No, you asshole, you were instrumental in attempting to orchestrate her downfall. But you didn’t succeed. I stepped in wherever you lacked. My mom stepped in wherever I lacked. I’m the one that told her she was exceptional. I’m the one that told her I was proud of her. I’m the one that was always there, always supporting her, always nurturing her, always encouraging her, always assuring her that she could do it. I’m the one that told her she was worth it and to never let her worth be measured by her father. I’m the one that told her she was going to be an amazing nurse. I’m the one that has paid for therapy, and I’m the one that has kept her going.

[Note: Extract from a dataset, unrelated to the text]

(* In the setting below, with $\phi_X,\phi_Y,\phi_{Z^s}$ extended to the closures $\overline{\Omega_X},\overline{\Omega_Y},\overline{\Omega_{Z^s}}$ by $\phi_W(p,s)=\phi_{Z_{i(p)}}(p,s)$ for $(p,s)\in\overline{\Omega_W}\setminus\Omega_W$, $s\in I^i(p)$: (a) $\phi_X(p,t)=\phi_{Z^s}(p,t)$ for all $(p,t)\in\overline{\Omega_X}\cap\overline{\Omega_{Z^s}}$; (b) $\phi_Y(p,t)=\phi_{Z^s}(p,t)$ for all $(p,t)\in\overline{\Omega_Y}\cap\overline{\Omega_{Z^s}}$; (c) $\phi_X(p,t)=\phi_Y(p,t)$ for all $(p,t)\in\overline{\Omega_X}\cap\overline{\Omega_Y}$.
   Context: $M$ is a closed $3$-dimensional manifold, $h:M\to\mathbb{R}$ smooth with regular value $0$, $\Sigma=h^{-1}(0)$, $\Sigma^\pm$ as $h\ge0$, $h\le0$; $Z=(X,Y)$ equals the smooth field $X$ on $\Sigma^+$ and $Y$ on $\Sigma^-$; $Wh=dh(W)$. Crossing regions $\Sigma^{c+}=\{Xh,Yh>0\}$, $\Sigma^{c-}=\{Xh,Yh<0\}$, sliding region $\Sigma^s=\{Xh<0<Yh\}$, sliding field $Z^s=\frac{Yh\,X-Xh\,Y}{Yh-Xh}$ on $\Sigma^S=\Sigma^s\cup\partial\Sigma^s$. Tangencies $S_Z=\{Xh=0\}\cup\{Yh=0\}$ in $\Sigma$, with folds/cusps and visibility as usual ($X$: fold $X^2h\ne0$, visible iff $>0$; cusp $X^2h=0\ne X^3h$ with $dh,dXh,dX^2h$ independent, visible iff $X^3h>0$; for $Y$ visibility signs reversed). It is assumed $\Sigma=\Sigma^{c+}\cup\Sigma^{c-}\cup\Sigma^s\cup S_Z$ and every $p\in S_Z$ lies in one of the cases: A1 visible fold of $X$ with $Yh>0$ (or of $Y$ with $Xh<0$); A2 invisible fold of $X$ with $Yh>0$ (or of $Y$ with $Xh<0$); A3 invisible cusp of $X$ with $Yh>0$ (or of $Y$ with $Xh<0$); A4 visible cusp of $X$ with $Yh>0$ (or of $Y$ with $Xh<0$); B1 visible fold of one of $X,Y$ and invisible fold of the other, $p\in\partial\Sigma^{c+}\cap\partial\Sigma^{c-}$; B2 invisible cusp of one of $X,Y$ and invisible fold of the other, with $S_X,S_Y$ tangent at $p$. Exit times: for $p\in\Sigma^+$, $t_X^+(p)=\infty$ if $\varphi_X(p,[0,\infty))\subseteq\Sigma^+$; otherwise $t_X^+(p)=\inf\{t>0:\varphi_X(p,t)\in S_X^{ic}\cup\{Xh<0\}\}$ if $\varphi_X(p,[0,t])\subset\Sigma^+$ for some $t>0$, and $0$ otherwise ($S_X^{ic}$ = invisible cusps of $X$); $t_Y^+$ and $t_{Z^s}^+$ (relative to $\Sigma^S$ and $\partial\Sigma^s$) analogously. Construction: for $p\in M$ put $p_0=p$; for a point $q$, its associated field is $X$ if $q\in\mathrm{int}\Sigma^+$, or $q\in\Sigma^{c+}$, or $q\in\mathrm{A1}\cup\mathrm{A4}\cup\mathrm{B1}$ is a visible fold or visible cusp of $X$; $Y$ if $q\in\mathrm{int}\Sigma^-$, or $q\in\Sigma^{c-}$, or $q\in\mathrm{A1}\cup\mathrm{A4}\cup\mathrm{B1}$ is a visible fold or cusp of $Y$; $Z^s$ if $q\in\Sigma^s\cup\mathrm{A2}\cup\mathrm{A3}\cup\mathrm{B2}$. Let $Z_{i(p)}$ be the field associated with $p_i$ and $p_{i}=\varphi_{Z_{i-1(p)}}(p_{i-1},t^+_{Z_{i-1(p)}}(p_{i-1}))$ for $i\ge1$. Set $a_{i(p)}=\sum_{j=0}^i t^+_{Z_{j(p)}}(p_j)$, $a_{-1(p)}=0$, $I^i(p)=[a_{i-1(p)},a_{i(p)}]$, and $\phi_{Z_{i(p)}}(p,s)=\varphi_{Z_{i(p)}}(p_i,s-a_{i-1(p)})$ for $s\in I^i(p)$. For $W\in\{X,Y,Z^s\}$ let $I_W(p)=\bigcup\{I^i(p): Z_{i(p)}=W\}$, $\Omega_W=\{(p,t)\in M\times\mathbb{R}^+: t\in I_W(p)\}$, and $\phi_W:\Omega_W\to M$, $\phi_W(p,t)=\varphi_W(p_i,t-a_{i-1(p)})$ for $t\in I^i(p)$ with $Z_{i(p)}=W$. *)

theory Defs
  imports "HOL-Analysis.Analysis"
begin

Here’s the funny thing. I don’t take credit for her accomplishments. I’m proud of her. I’ve supported her, both financially and emotionally. But I didn’t do it. I’m not why she succeeded. She succeeded because she’s incredibly driven. Disciplined. She knew what she wanted and she went after it. I didn’t take those classes. I didn’t do the labs or the clinicals or the homework. She did all of that. She has had an intense schedule for years. The achievement is all her.
It still chaps my ass that Jerry Lee thinks he should be able to show up and celebrate. Sit the fuck down! I’m the one that raised this kid. You were too busy off fucking your cousin and trying to impress kids that already had an involved father.